##### THE DATA #####
lemma Zf_increment_second_moment:
  fixes P :: "real \<times> 'a \<Rightarrow> (real \<times> 'a) pmf"
  assumes S: "finite S" "S \<noteq> {}" and \<nu>: "\<nu> > 0" and p: "p \<ge> 2"
    and \<Sigma>: "\<Sigma> \<subseteq> {0..} \<times> S" and closed: "\<forall>u\<in>\<Sigma>. set_pmf (P u) \<subseteq> \<Sigma>"
    and mom: "\<forall>(x, i)\<in>\<Sigma>. integrable (measure_pmf (P (x, i))) (\<lambda>u. \<bar>fst u - x\<bar> powr p)
                          \<and> ExP P x i (\<lambda>u. \<bar>fst u - x\<bar> powr p) \<le> Cp"
  shows "\<exists>B. \<forall>(x, i)\<in>\<Sigma>.
           integrable (measure_pmf (P (x, i))) (\<lambda>u. (Zf S b \<nu> u - Zf S b \<nu> (x, i))\<^sup>2)
         \<and> ExP P x i (\<lambda>u. (Zf S b \<nu> u - Zf S b \<nu> (x, i))\<^sup>2) \<le> B"
proof -
  obtain L where L: "\<And>x x' i j. i \<in> S \<Longrightarrow> j \<in> S \<Longrightarrow> \<bar>Zf S b \<nu> (x', j) - Zf S b \<nu> (x, i)\<bar> \<le> \<bar>x' - x\<bar> + L"
    using Zf_increment_abs_bound[OF S \<nu>] by blast
  have snd_in: "snd u \<in> S" if "u \<in> \<Sigma>" for u using \<Sigma> that by (auto simp: mem_Times_iff)
  show ?thesis
  proof (intro exI[of _ "2 * (1 + Cp) + 2 * L\<^sup>2"] ballI, clarify)
    fix x i assume xi: "(x, i) \<in> \<Sigma>"
    have "\<bar>Zf S b \<nu> u - Zf S b \<nu> (x, i)\<bar> \<le> \<bar>fst u - x\<bar> + L" if "u \<in> set_pmf (P (x, i))" for u
      using L[where x = x and x' = "fst u" and i = i and j = "snd u"] snd_in[OF xi] snd_in[OF subsetD[OF closed[rule_format, OF xi] that]]
      by simp
    from pmf_square_bound[OF p _ this] mom xi
    show "integrable (measure_pmf (P (x, i))) (\<lambda>u. (Zf S b \<nu> u - Zf S b \<nu> (x, i))\<^sup>2)
          \<and> ExP P x i (\<lambda>u. (Zf S b \<nu> u - Zf S b \<nu> (x, i))\<^sup>2) \<le> 2 * (1 + Cp) + 2 * L\<^sup>2"
      unfolding ExP_def by fastforce
  qed
qed

lemma Zf_drift_bound:
  fixes P :: "real \<times> 'a \<Rightarrow> (real \<times> 'a) pmf"
  assumes S: "finite S" "S \<noteq> {}" and \<nu>: "\<nu> > 0" and p: "p \<ge> 2"
    and \<Sigma>: "\<Sigma> \<subseteq> {0..} \<times> S" and closed: "\<forall>u\<in>\<Sigma>. set_pmf (P u) \<subseteq> \<Sigma>"
    and mom: "\<forall>(x, i)\<in>\<Sigma>. integrable (measure_pmf (P (x, i))) (\<lambda>u. \<bar>fst u - x\<bar> powr p)
                          \<and> ExP P x i (\<lambda>u. \<bar>fst u - x\<bar> powr p) \<le> Cp"
  obtains A where "\<And>x i. (x, i) \<in> \<Sigma> \<Longrightarrow> x \<ge> 2 * x0 S b \<nu> \<Longrightarrow>
    \<bar>ExP P x i (\<lambda>u. Zf S b \<nu> u - Zf S b \<nu> (x, i)) - mu P i x
       - 1 / (2 * x) * (\<Sum>j\<in>S. (b j - b i) * qx P i j x)\<bar> \<le> A / x\<^sup>2"
proof -
  obtain C where C: "C \<ge> 0" "\<And>x x' i j. i \<in> S \<Longrightarrow> j \<in> S \<Longrightarrow> x \<ge> 2 * x0 S b \<nu> \<Longrightarrow> x' \<ge> 0 \<Longrightarrow>
      \<bar>Zf S b \<nu> (x', j) - Zf S b \<nu> (x, i) - (x' - x) - (b j - b i) / (2 * x)\<bar> \<le> C * (1 + (x' - x)\<^sup>2) / x\<^sup>2"
    using Zf_increment_expansion[OF S \<nu>] by blast
  show thesis
  proof (rule that)
    fix x i assume xi: "(x, i) \<in> \<Sigma>" and x: "x \<ge> 2 * x0 S b \<nu>"
    let ?N = "P (x, i)"
    have i: "i \<in> S" using xi \<Sigma> by (auto simp: mem_Times_iff)
    have states: "snd u \<in> S" "fst u \<ge> 0" if "u \<in> set_pmf ?N" for u
      using subsetD[OF closed[rule_format, OF xi] that] \<Sigma> by (auto simp: mem_Times_iff)
    have int: "integrable ?N (\<lambda>u. \<bar>fst u - x\<bar> powr p)" and Ep: "ExP P x i (\<lambda>u. \<bar>fst u - x\<bar> powr p) \<le> Cp"
      using mom xi by auto
    have "\<bar>Zf S b \<nu> u - Zf S b \<nu> (x, i) - (fst u - x) - (b (snd u) - b i) / (2 * x)\<bar>
          \<le> C / x\<^sup>2 * (1 + (fst u - x)\<^sup>2)" if "u \<in> set_pmf ?N" for u
      using C(2)[OF i states(1)[OF that] x states(2)[OF that]] by simp
    then have "\<bar>ExP P x i (\<lambda>u. Zf S b \<nu> u - Zf S b \<nu> (x, i)) - mu P i x
                 - (\<Sum>j\<in>S. (b j - b i) / (2 * x) * qx P i j x)\<bar>
               \<le> C / x\<^sup>2 * (1 + ExP P x i (\<lambda>u. (fst u - x)\<^sup>2))"
      unfolding ExP_def mu_def qx_def
      by (intro pmf_drift_expansion[OF S(1) states(1) pmf_square_moment_le(1)[OF p int]])
    moreover have "(\<Sum>j\<in>S. (b j - b i) / (2 * x) * qx P i j x) = 1 / (2 * x) * (\<Sum>j\<in>S. (b j - b i) * qx P i j x)"
      by (simp add: sum_distrib_left)
    moreover have "C / x\<^sup>2 * (1 + ExP P x i (\<lambda>u. (fst u - x)\<^sup>2)) \<le> C / x\<^sup>2 * (2 + Cp)"
      using pmf_square_moment_le(2)[OF p int] Ep C(1) unfolding ExP_def by (intro mult_left_mono) auto
    ultimately show "\<bar>ExP P x i (\<lambda>u. Zf S b \<nu> u - Zf S b \<nu> (x, i)) - mu P i x
       - 1 / (2 * x) * (\<Sum>j\<in>S. (b j - b i) * qx P i j x)\<bar> \<le> C * (2 + Cp) / x\<^sup>2"
      by simp
  qed
qed

lemma Zf_drift_asymptotics:
  fixes P :: "real \<times> 'a \<Rightarrow> (real \<times> 'a) pmf" and c :: "'a \<Rightarrow> real"
  assumes S: "finite S" "S \<noteq> {}" and \<nu>: "\<nu> > 0" and p: "p \<ge> 2"
    and \<Sigma>: "\<Sigma> \<subseteq> {0..} \<times> S" and closed: "\<forall>u\<in>\<Sigma>. set_pmf (P u) \<subseteq> \<Sigma>"
    and mom: "\<forall>(x, i)\<in>\<Sigma>. integrable (measure_pmf (P (x, i))) (\<lambda>u. \<bar>fst u - x\<bar> powr p)
                          \<and> ExP P x i (\<lambda>u. \<bar>fst u - x\<bar> powr p) \<le> Cp"
    and i: "i \<in> S"
    and qlim: "\<forall>j\<in>S. (qx P i j \<longlongrightarrow> Q i j) (along \<Sigma> i)"
    and mu: "(\<lambda>x. mu P i x - c i / x) \<in> o[along \<Sigma> i](\<lambda>x. 1 / x)"
  shows "(\<lambda>x. ExP P x i (\<lambda>u. Zf S b \<nu> u - Zf S b \<nu> (x, i))
              - (c i / x + 1 / (2 * x) * (\<Sum>j\<in>S. (b j - b i) * Q i j))) \<in> o[along \<Sigma> i](\<lambda>x. 1 / x)"
proof -
  obtain A where A: "\<And>x i. (x, i) \<in> \<Sigma> \<Longrightarrow> x \<ge> 2 * x0 S b \<nu> \<Longrightarrow>
    \<bar>ExP P x i (\<lambda>u. Zf S b \<nu> u - Zf S b \<nu> (x, i)) - mu P i x
       - 1 / (2 * x) * (\<Sum>j\<in>S. (b j - b i) * qx P i j x)\<bar> \<le> A / x\<^sup>2"
    using Zf_drift_bound[OF S \<nu> p \<Sigma> closed mom] by blast
  define err where "err x = ExP P x i (\<lambda>u. Zf S b \<nu> u - Zf S b \<nu> (x, i)) - mu P i x
                             - 1 / (2 * x) * (\<Sum>j\<in>S. (b j - b i) * qx P i j x)" for x
  have "eventually (\<lambda>x. (x, i) \<in> \<Sigma> \<and> x \<ge> 2 * x0 S b \<nu>) (along \<Sigma> i)"
    unfolding along_def eventually_inf_principal
    by (rule eventually_mono[OF eventually_ge_at_top]) (auto simp: line_def)
  then have "eventually (\<lambda>x. \<bar>err x\<bar> \<le> A / x\<^sup>2) (along \<Sigma> i)"
    by (rule eventually_mono) (use A in \<open>simp add: err_def\<close>)
  then have "err \<in> o[along \<Sigma> i](\<lambda>x. 1 / x)"
    by (rule smallo_inverse_if_bounded_by_inverse_square[OF along_le_at_top])
  moreover have "(\<lambda>x. (1 / 2 * (\<Sum>j\<in>S. (b j - b i) * (qx P i j x - Q i j))) / x) \<in> o[along \<Sigma> i](\<lambda>x. 1 / x)"
  proof (rule smallo_inverse_if_tendsto_zero[OF along_le_at_top])
    have "((\<lambda>x. 1 / 2 * (\<Sum>j\<in>S. (b j - b i) * (qx P i j x - Q i j)))
          \<longlongrightarrow> 1 / 2 * (\<Sum>j\<in>S. (b j - b i) * (Q i j - Q i j))) (along \<Sigma> i)"
      using qlim by (intro tendsto_intros) auto
    then show "((\<lambda>x. 1 / 2 * (\<Sum>j\<in>S. (b j - b i) * (qx P i j x - Q i j))) \<longlongrightarrow> 0) (along \<Sigma> i)" by simp
  qed
  ultimately have "(\<lambda>x. (mu P i x - c i / x) + (1 / 2 * (\<Sum>j\<in>S. (b j - b i) * (qx P i j x - Q i j))) / x + err x)
                   \<in> o[along \<Sigma> i](\<lambda>x. 1 / x)"
    using mu by (intro sum_in_smallo(1))
  also have "(\<lambda>x. (mu P i x - c i / x) + (1 / 2 * (\<Sum>j\<in>S. (b j - b i) * (qx P i j x - Q i j))) / x + err x)
           = (\<lambda>x. ExP P x i (\<lambda>u. Zf S b \<nu> u - Zf S b \<nu> (x, i))
                  - (c i / x + 1 / (2 * x) * (\<Sum>j\<in>S. (b j - b i) * Q i j)))"
  proof
    fix x
    have "(1 / 2 * (\<Sum>j\<in>S. (b j - b i) * (qx P i j x - Q i j))) / x
          = 1 / (2 * x) * (\<Sum>j\<in>S. (b j - b i) * qx P i j x) - 1 / (2 * x) * (\<Sum>j\<in>S. (b j - b i) * Q i j)"
      by (simp add: right_diff_distrib sum_subtractf diff_divide_distrib)
    then show "(mu P i x - c i / x) + (1 / 2 * (\<Sum>j\<in>S. (b j - b i) * (qx P i j x - Q i j))) / x + err x
             = ExP P x i (\<lambda>u. Zf S b \<nu> u - Zf S b \<nu> (x, i))
                 - (c i / x + 1 / (2 * x) * (\<Sum>j\<in>S. (b j - b i) * Q i j))"
      unfolding err_def by linarith
  qed
  finally show ?thesis .
qed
#####
* _WORK REQUEST_: Above is a listing; print exactly its lines from the one with "u) - b i) / (2 * x)\<bar>" through the one with "obtain A where", and no other lines.

* _TASK RESPONSE_:
    have "\<bar>Zf S b \<nu> u - Zf S b \<nu> (x, i) - (fst u - x) - (b (snd u) - b i) / (2 * x)\<bar>
          \<le> C / x\<^sup>2 * (1 + (fst u - x)\<^sup>2)" if "u \<in> set_pmf ?N" for u
      using C(2)[OF i states(1)[OF that] x states(2)[OF that]] by simp
    then have "\<bar>ExP P x i (\<lambda>u. Zf S b \<nu> u - Zf S b \<nu> (x, i)) - mu P i x
                 - (\<Sum>j\<in>S. (b j - b i) / (2 * x) * qx P i j x)\<bar>
               \<le> C / x\<^sup>2 * (1 + ExP P x i (\<lambda>u. (fst u - x)\<^sup>2))"
      unfolding ExP_def mu_def qx_def
      by (intro pmf_drift_expansion[OF S(1) states(1) pmf_square_moment_le(1)[OF p int]])
    moreover have "(\<Sum>j\<in>S. (b j - b i) / (2 * x) * qx P i j x) = 1 / (2 * x) * (\<Sum>j\<in>S. (b j - b i) * qx P i j x)"
      by (simp add: sum_distrib_left)
    moreover have "C / x\<^sup>2 * (1 + ExP P x i (\<lambda>u. (fst u - x)\<^sup>2)) \<le> C / x\<^sup>2 * (2 + Cp)"
      using pmf_square_moment_le(2)[OF p int] Ep C(1) unfolding ExP_def by (intro mult_left_mono) auto
    ultimately show "\<bar>ExP P x i (\<lambda>u. Zf S b \<nu> u - Zf S b \<nu> (x, i)) - mu P i x
       - 1 / (2 * x) * (\<Sum>j\<in>S. (b j - b i) * qx P i j x)\<bar> \<le> C * (2 + Cp) / x\<^sup>2"
      by simp
  qed
qed

lemma Zf_drift_asymptotics:
  fixes P :: "real \<times> 'a \<Rightarrow> (real \<times> 'a) pmf" and c :: "'a \<Rightarrow> real"
  assumes S: "finite S" "S \<noteq> {}" and \<nu>: "\<nu> > 0" and p: "p \<ge> 2"
    and \<Sigma>: "\<Sigma> \<subseteq> {0..} \<times> S" and closed: "\<forall>u\<in>\<Sigma>. set_pmf (P u) \<subseteq> \<Sigma>"
    and mom: "\<forall>(x, i)\<in>\<Sigma>. integrable (measure_pmf (P (x, i))) (\<lambda>u. \<bar>fst u - x\<bar> powr p)
                          \<and> ExP P x i (\<lambda>u. \<bar>fst u - x\<bar> powr p) \<le> Cp"
    and i: "i \<in> S"
    and qlim: "\<forall>j\<in>S. (qx P i j \<longlongrightarrow> Q i j) (along \<Sigma> i)"
    and mu: "(\<lambda>x. mu P i x - c i / x) \<in> o[along \<Sigma> i](\<lambda>x. 1 / x)"
  shows "(\<lambda>x. ExP P x i (\<lambda>u. Zf S b \<nu> u - Zf S b \<nu> (x, i))
              - (c i / x + 1 / (2 * x) * (\<Sum>j\<in>S. (b j - b i) * Q i j))) \<in> o[along \<Sigma> i](\<lambda>x. 1 / x)"
proof -
  obtain A where A: "\<And>x i. (x, i) \<in> \<Sigma> \<Longrightarrow> x \<ge> 2 * x0 S b \<nu> \<Longrightarrow>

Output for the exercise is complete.